How spark works on maxcompute

Time:2020-3-22

1、 Spark system overview


How spark works on maxcompute

On the left is the architecture diagram of the native spark. On the right, spark on maxcompute runs on the Cupid platform developed by Alibaba cloud. The platform can support the computing framework supported by yarn, the open source community, such as spark.

2、 Configuration and use of spark running on the client


2.1 open the link to download the client to the local

http://odps-repo.oss-cn-hangzhou.aliyuncs.com/spark/2.3.0-odps0.30.0/spark-2.3.0-odps0.30.0.tar.gz?spm=a2c4g.11186623.2.12.666a4b69yO8Qur&file=spark-2.3.0-odps0.30.0.tar.gz

2.2 upload files to ECS

How spark works on maxcompute

2.3 unzip the file

tar -zxvf spark-2.3.0-odps0.30.0.tar.gz

2.4 configure spark-default.conf

# spark-defaults.conf

Generally speaking, the default template only needs to fill in the account information related to maxcompute to use spark

Spark.hadoop.odps.project.name = spark.hadoop.odps.access.id = spark.hadoop.odps.access.key = ා other configurations can keep their own values
spark.hadoop.odps.end.point = http://service.cn.maxcompute….
spark.hadoop.odps.runtime.end.point = http://service.cn.maxcompute….-inc.com/api
spark.sql.catalogImplementation=odps
spark.hadoop.odps.task.major.version = cupid_v2
spark.hadoop.odps.cupid.container.image.enable = true spark.hadoop.odps.cupid.container.vm.engine.type = hyper

2.5 download the corresponding code on GitHub

https://github.com/aliyun/MaxCompute-Spark

2.5 upload the code to ECS for decompression

unzip MaxCompute-Spark-master.zip

2.6 package the code into a jar package (make sure Maven is installed)

cd MaxCompute-Spark-master/spark-2.x
mvn clean package

2.7 check the jar package and run it

bin/spark-submit –master yarn-cluster –class com.aliyun.odps.spark.examples.SparkPi \
MaxCompute-Spark-master/spark-2.x/target/spark-examples_2.11-1.0.0-SNAPSHOT-shaded.jar

3、 Configuration and use of spark running in dataworks


3.1 enter the dataworks console interface and click business process

How spark works on maxcompute

3.2 open business process and create ODPs spark node

How spark works on maxcompute

3.3 upload the jar package resources, click the corresponding jar package to upload, and submit

How spark works on maxcompute

How spark works on maxcompute

How spark works on maxcompute

3.4 configure the node configuration corresponding to ODPs spark, click save and submit, and click Run to view the operation status

How spark works on maxcompute

4、 The use of spark in the local idea test environment


4.1 download client and template code and extract

Client: http://odps-repo.oss-cn-hangzhou.aliyuncs.com/spark/2.3.0-odps0.30.0/spark-2.3.0-odps0.30.0.tar.gz?
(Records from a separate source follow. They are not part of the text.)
lemma ideal_gen_add:
  assumes "p \<in> ideal_gen V G" "q \<in> ideal_gen V G"
  shows "p + q \<in> ideal_gen V G"
proof -
  obtain F1 c1 where F1: "finite F1" "F1 \<subseteq> G" "\<forall>g\<in>F1. c1 g \<in> polyring V" "p = (\<Sum>g\<in>F1. c1 g * g)"
    using assms(1) unfolding ideal_gen_def by blast
  obtain F2 c2 where F2: "finite F2" "F2 \<subseteq> G" "\<forall>g\<in>F2. c2 g \<in> polyring V" "q = (\<Sum>g\<in>F2. c2 g * g)"
    using assms(2) unfolding ideal_gen_def by blast
  define d1 where "d1 g = (if g \<in> F1 then c1 g else 0)" for g
  define d2 where "d2 g = (if g \<in> F2 then c2 g else 0)" for g
  have "(\<Sum>g\<in>F1 \<union> F2. d1 g * g) = p"
    unfolding F1(4) d1_def by (rule sum.mono_neutral_cong_right) (use F1 F2 in auto)
  moreover have "(\<Sum>g\<in>F1 \<union> F2. d2 g * g) = q"
    unfolding F2(4) d2_def by (rule sum.mono_neutral_cong_right) (use F1 F2 in auto)
  ultimately have "p + q = (\<Sum>g\<in>F1 \<union> F2. (d1 g + d2 g) * g)"
    by (simp add: distrib_right sum.distrib)
  moreover have "\<forall>g\<in>F1 \<union> F2. d1 g + d2 g \<in> polyring V"
    using F1(3) F2(3) by (simp add: d1_def d2_def polyring_add)
  ultimately show ?thesis
    using F1(1,2) F2(1,2) by (simp add: ideal_gen_sumI)
qed

lemma ideal_gen_mult:
  assumes "c \<in> polyring V" "p \<in> ideal_gen V G"
  shows "c * p \<in> ideal_gen V G"
proof -
  obtain F d where F: "finite F" "F \<subseteq> G" "\<forall>g\<in>F. d g \<in> polyring V" "p = (\<Sum>g\<in>F. d g * g)"
    using assms(2) unfolding ideal_gen_def by blast
  have "c * p = (\<Sum>g\<in>F. (c * d g) * g)"
    unfolding F(4) by (simp add: sum_distrib_left mult.assoc)
  moreover have "\<forall>g\<in>F. c * d g \<in> polyring V"
    using F(3) assms(1) by (simp add: polyring_mult)
  ultimately show ?thesis
    using F(1,2) by (simp add: ideal_gen_sumI)
qed

lemma ideal_closed_ideal_gen: "ideal_closed V (ideal_gen V G)"
  unfolding ideal_closed_def using ideal_gen_sumI[of "{}" G]
  by (simp add: ideal_gen_add ideal_gen_mult)

section \<open>Monomial ideals as sets of exponent vectors\<close>

definition monideal :: "'v set \<Rightarrow> ('v \<Rightarrow>\<^sub>0 nat) set \<Rightarrow> ('v, 'k::comm_ring_1) mpoly set" where
  "monideal V A = ideal_gen V (mon ` A)"

definition exps_in :: "'v set \<Rightarrow> ('v \<Rightarrow>\<^sub>0 nat) set \<Rightarrow> bool" where
  "exps_in V A \<longleftrightarrow> (\<forall>a\<in>A. Poly_Mapping.keys a \<subseteq> V)"

definition supported_on_multiples :: "'v set \<Rightarrow> ('v \<Rightarrow>\<^sub>0 nat) set \<Rightarrow> ('v, 'k::comm_ring_1) mpoly set" where
  "supported_on_multiples V A = {p \<in> polyring V. \<forall>m\<in>Poly_Mapping.keys p. \<exists>a\<in>A. mdvd a m}"

lemma ideal_closed_supported_on_multiples:
  "ideal_closed V (supported_on_multiples V A :: ('v, 'k::comm_ring_1) mpoly set)"
proof -
  have "p + q \<in> supported_on_multiples V A"
    if "p \<in> supported_on_multiples V A" "q \<in> supported_on_multiples V A" for p q :: "('v, 'k) mpoly"
    using that keys_add[of p q] polyring_add[of p V q] unfolding supported_on_multiples_def by blast
  moreover have "c * p \<in> supported_on_multiples V A"
    if c: "c \<in> polyring V" and p: "p \<in> supported_on_multiples V A" for c p :: "('v, 'k) mpoly"
  proof -
    have "\<exists>a\<in>A. mdvd a m" if m: "m \<in> Poly_Mapping.keys (c * p)" for m
    proof -
      obtain x y where "m = x + y" "y \<in> Poly_Mapping.keys p"
        using m keys_mult[of c p] by blast
      moreover from this obtain a where "a \<in> A" "mdvd a y"
        using p unfolding supported_on_multiples_def by blast
      ultimately show ?thesis
        using mdvd_trans[OF _ mdvd_add_right[of y x]] by (metis add.commute)
    qed
    with c p show ?thesis
      by (simp add: supported_on_multiples_def polyring_mult)
  qed
  moreover have "0 \<in> (supported_on_multiples V A :: ('v, 'k) mpoly set)"
    by (simp add: supported_on_multiples_def)
  ultimately show ?thesis
    unfolding ideal_closed_def by blast
qed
SPM = a2c4g.11186623.2.12.666a4b69yo8qur & file = spark-2.3.0-odps0.30.0.tar.gz

How spark works on maxcompute

Template code:

https://github.com/aliyun/MaxCompute-Spark

4.2 open idea and click open to select template code

How spark works on maxcompute

How spark works on maxcompute

4.2 install Scala plug-in

How spark works on maxcompute

How spark works on maxcompute

4.3 configure maven

How spark works on maxcompute

4.4 configure JDK and related dependencies

How spark works on maxcompute

How spark works on maxcompute

Welcome to “maxcompute developer community 2 group”, click the link to apply for joining or scanning QR code https://h5.dingtalk.com/invite-page/index.html? Bizsource = \\\\\\\\\\\\\\\\\\\\\\\\\\\\\\\\\

Go to cloud and see yunqi No.: more cloud information, cloud cases, best practices, product introduction, visit: https://yqh.aliyun.com/

This article is the original content of Alibaba cloud and cannot be reproduced without permission.